Тучный эсэсовец выстраивал нас пятерками, пересчитывал, осыпая ругательствами. Я держалась рядом с Зосей. Изо всех сил старалась не нервничать, но это было так трудно… Наконец грузовики повезли нас на вокзал.

Через город мы ехали под конвоем жандармов, вооруженных винтовками, в касках. Люди шли на работу; со страхом поглядывали они на переполненные грузовики — не увидят ли знакомых? Я смотрела на этих счастливцев, которые свободно ходят по Варшаве. Может быть, пройдет кто-нибудь из близких, может быть, крикнет вдогонку… Но никто не прошел, не крикнул…

Нас погрузили в товарные вагоны для скота, заперли дверь, забили оконца.

— Теперь мы заживо погребены, — простонал кто то.

Вагоны перегоняли с одного пути на другой, отцепляли и вновь прицепляли, наконец поезд тронулся.

Не знаю, как это случилось, но без всякого уговора из всех углов вдруг раздалось пение:

Не погибла наша Польша…

Поезд мчался все быстрее, заглушая песню.
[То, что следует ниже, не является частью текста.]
(* Let $G$ be an infinite group and $\vec m=(m_1,\dots,m_k)\in\mathbb{Z}^k$, $k\in\mathbb{N}$. Then (i) a subset $A\subseteq G$ is a Ramsey $\vec m$-product subset if and only if every infinite subset $X\subseteq G$ contains a countably infinite subset $Y$ such that $y_1^{m_1}y_2^{m_2}\cdots y_k^{m_k}\in A$ for all pairwise distinct $y_1,\dots,y_k\in Y$; (ii) the family $\varphi_{\vec m}$ of all Ramsey $\vec m$-product subsets of $G$ is a filter on $G$.
   Context: A subset $A$ of a group $G$ is a Ramsey $\vec m$-product subset, for $\vec m=(m_1,\dots,m_k)\in\mathbb{Z}^k$, if every infinite subset $X\subseteq G$ contains pairwise distinct $x_1,\dots,x_k\in X$ such that $x_{\sigma(1)}^{m_1}x_{\sigma(2)}^{m_2}\cdots x_{\sigma(k)}^{m_k}\in A$ for every permutation $\sigma\in S_k$. *)

theory Defs
  imports "HOL-Algebra.Group" "HOL-Combinatorics.Permutations" "HOL-Library.Countable_Set"
begin

(* The word x_0^{m_0} x_1^{m_1} ... x_{k-1}^{m_{k-1}} in G, where k = length m
   (indices shifted to start at 0), with integer powers. *)
definition word_prod :: "('a, 'b) monoid_scheme \<Rightarrow> int list \<Rightarrow> (nat \<Rightarrow> 'a) \<Rightarrow> 'a" where
  "word_prod G m x =
     foldr (\<lambda>i acc. (x i [^]\<^bsub>G\<^esub> (m ! i)) \<otimes>\<^bsub>G\<^esub> acc) [0..<length m] \<one>\<^bsub>G\<^esub>"

definition ramsey_product :: "('a, 'b) monoid_scheme \<Rightarrow> int list \<Rightarrow> 'a set \<Rightarrow> bool" where
  "ramsey_product G m A \<longleftrightarrow> A \<subseteq> carrier G \<and>
     (\<forall>X. X \<subseteq> carrier G \<longrightarrow> infinite X \<longrightarrow>
        (\<exists>x. inj_on x {..<length m} \<and> x ` {..<length m} \<subseteq> X \<and>
             (\<forall>\<sigma>. \<sigma> permutes {..<length m} \<longrightarrow> word_prod G m (x \<circ> \<sigma>) \<in> A)))"

definition filter_on_set :: "'a set \<Rightarrow> 'a set set \<Rightarrow> bool" where
  "filter_on_set S F \<longleftrightarrow> F \<subseteq> Pow S \<and> S \<in> F \<and> {} \<notin> F \<and>
     (\<forall>A\<in>F. \<forall>B\<in>F. A \<inter> B \<in> F) \<and>
     (\<forall>A\<in>F. \<forall>B. A \<subseteq> B \<and> B \<subseteq> S \<longrightarrow> B \<in> F)"

end

theory Submission
  imports Defs "HOL-Library.Ramsey"
begin

text \<open>
  Colour each k-element subset S of an infinite X by whether every injective enumeration of S
  spells a word in A. By Ramsey's theorem some infinite Y \<subseteq> X is monochromatic, and the Ramsey
  property applied to Y itself yields a k-subset of the good colour; hence any k distinct points
  of Y, in any order, give words in A. Conversely such a Y contains k distinct points. For the
  filter property, the sets Y for A and then for B can be chosen one inside the other, and A = {}
  fails because an infinite set contains k distinct points.
\<close>

definition distinct_words_in :: "('a, 'b) monoid_scheme \<Rightarrow> int list \<Rightarrow> 'a set \<Rightarrow> 'a set \<Rightarrow> bool"
  where "distinct_words_in G m Y A \<longleftrightarrow>
    (\<forall>y. inj_on y {..<length m} \<and> y ` {..<length m} \<subseteq> Y \<longrightarrow> word_prod G m y \<in> A)"

lemma word_prod_cong:
  assumes "\<And>i. i < length m \<Longrightarrow> x i = y i"
  shows "word_prod G m x = word_prod G m y"
  unfolding word_prod_def by (rule foldr_cong) (auto simp: assms)

lemma word_prod_closed:
  fixes G (structure)
  assumes "group G" "x ` {..<length m} \<subseteq> carrier G"
  shows "word_prod G m x \<in> carrier G"
proof -
  interpret group G by (rule assms(1))
  have "foldr (\<lambda>i acc. x i [^] (m ! i) \<otimes> acc) is \<one> \<in> carrier G" if "set is \<subseteq> {..<length m}" for "is"
    using that by (induction "is") (use assms(2) in auto)
  from this[of "[0..<length m]"] show ?thesis by (simp add: word_prod_def atLeast0LessThan)
qed

lemma inj_on_tuple_in_infinite:
  assumes "infinite Y"
  obtains x where "inj_on x {..<k::nat}" "x ` {..<k} \<subseteq> Y"
proof -
  obtain f :: "nat \<Rightarrow> _" where "inj f" "range f \<subseteq> Y"
    using infinite_countable_subset[OF assms] by blast
  then show ?thesis using that[of f] by (auto intro: inj_on_subset)
qed

lemma permutes_reindex_same_image:
  assumes "inj_on x I" "inj_on y I" "y ` I = x ` I"
  obtains \<sigma> where "\<sigma> permutes I" "\<And>i. i \<in> I \<Longrightarrow> y i = x (\<sigma> i)"
proof -
  define \<sigma> where "\<sigma> i = (if i \<in> I then inv_into I x (y i) else i)" for i
  have "bij_betw y I (x ` I)"
    using assms by (simp add: bij_betw_def)
  then have "bij_betw (inv_into I x \<circ> y) I I"
    using bij_betw_inv_into[OF inj_on_imp_bij_betw[OF assms(1)]] by (rule bij_betw_trans)
  then have "bij_betw \<sigma> I I"
    by (rule bij_betw_cong[THEN iffD1, rotated]) (simp add: \<sigma>_def)
  then have "\<sigma> permutes I"
    by (rule bij_imp_permutes) (simp add: \<sigma>_def)
  moreover have "y i = x (\<sigma> i)" if "i \<in> I" for i
  proof -
    have "y i \<in> x ` I" using that assms(3) by blast
    then show ?thesis using that by (simp add: \<sigma>_def f_inv_into_f)
  qed
  ultimately show ?thesis by (rule that)
qed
Он выстукивал только одну пугающую правду, не давая забыть о цели путешествия: «В Ос-вен-цим! В Ос-вен-цим!».

Часов в 10 вечера поезд остановился среди поля.

— Выходить!

Отперли и наш вагон, и снова лай псов, бросающихся на нас, воющих, беснующихся.

И снова пятерками шли мы вперед, подгоняемые окриками эсэсовцев. Шли молча.

Впереди уже виднелся лагерь. Он приближался. На пути перед нами — колючая проволока и словно повисшие в воздухе будки часовых. Мы шли по-солдатски, в ногу, и каждый шаг отдавался в мозгу.

— Так вот это что, вот как это выглядит!..

Я посмотрела на Зосю. Голова ее была странно поднята, губы сжаты. Она знала, что я смотрю на нее, и боялась взглянуть на меня. В эту минуту мы шагнули за ворота лагеря. Я отвернулась. Старалась постигнуть умом: «Я в лагере. Это — Освенцим, лагерь уничтожения, — отсюда нет возврата».

— Мы вошли в ад, — сказала Зося каким-то не своим голосом и с горькой усмешкой добавила — Нас будут поджаривать на сковородках, как ты думаешь?

— Думаю, что погибнем как-то иначе, не знаю только как. Лучше не задумываться. Не смотри вверх, на проволоку. Видишь, бараки, там спят люди, такие же, как мы, взгляни, сколько этих бараков; утром начнется работа, ночь ведь не длится вечно. Подумай над этим… Может быть, кончится война… Постараемся продержаться, может быть, когда-нибудь в такую же ночь проснешься — и не будет вокруг ни проволоки, ни собак, ни бараков, будет лес, а может, город, далекие просторы… Ради такой минуты… разве не надо стараться все перетерпеть, чтобы дождаться их поражения?

— Конечно надо, но как это мало зависит от нас!

— Там будет видно… Зося, мы должны дать себе слово, что ничто не сломит нас… ничто.

Нас ввели в барак. Мы легли на полу, мы — Зоей, Стефы, Ганки, мы — узницы Павяка, нас роднили и сближали страдания, страх и дружба. Одна и та же мысль настойчиво преследовала всех, не давала ни заснуть, ни даже лежать спокойно.

«Что принесет нам завтрашний день?»

Кто в детстве не слушал сказок? Почти в каждой сказке появляется злой дух. Какая-нибудь баба-яга, скачущая на помеле. Если бы такую сказочную бабу-ягу перенести в действительность, она, конечно, была бы похожа на эту вот немку с черным треугольником [1].

Я начинаю с черного треугольника и немки потому, что она произвела на нас страшное впечатление. В бараке, куда нас ввели, она сидела на табуретке, раскорячив ноги, с палкой в руке, жирная, одутловатая, непостижимая. Никто из нас не решался подойти к ней. Наконец нашлась одна отважная и спросила по-немецки:

— Нам дадут поесть?

Каждая в эту минуту задала бы только этот вопрос. Мы были страшно голодны.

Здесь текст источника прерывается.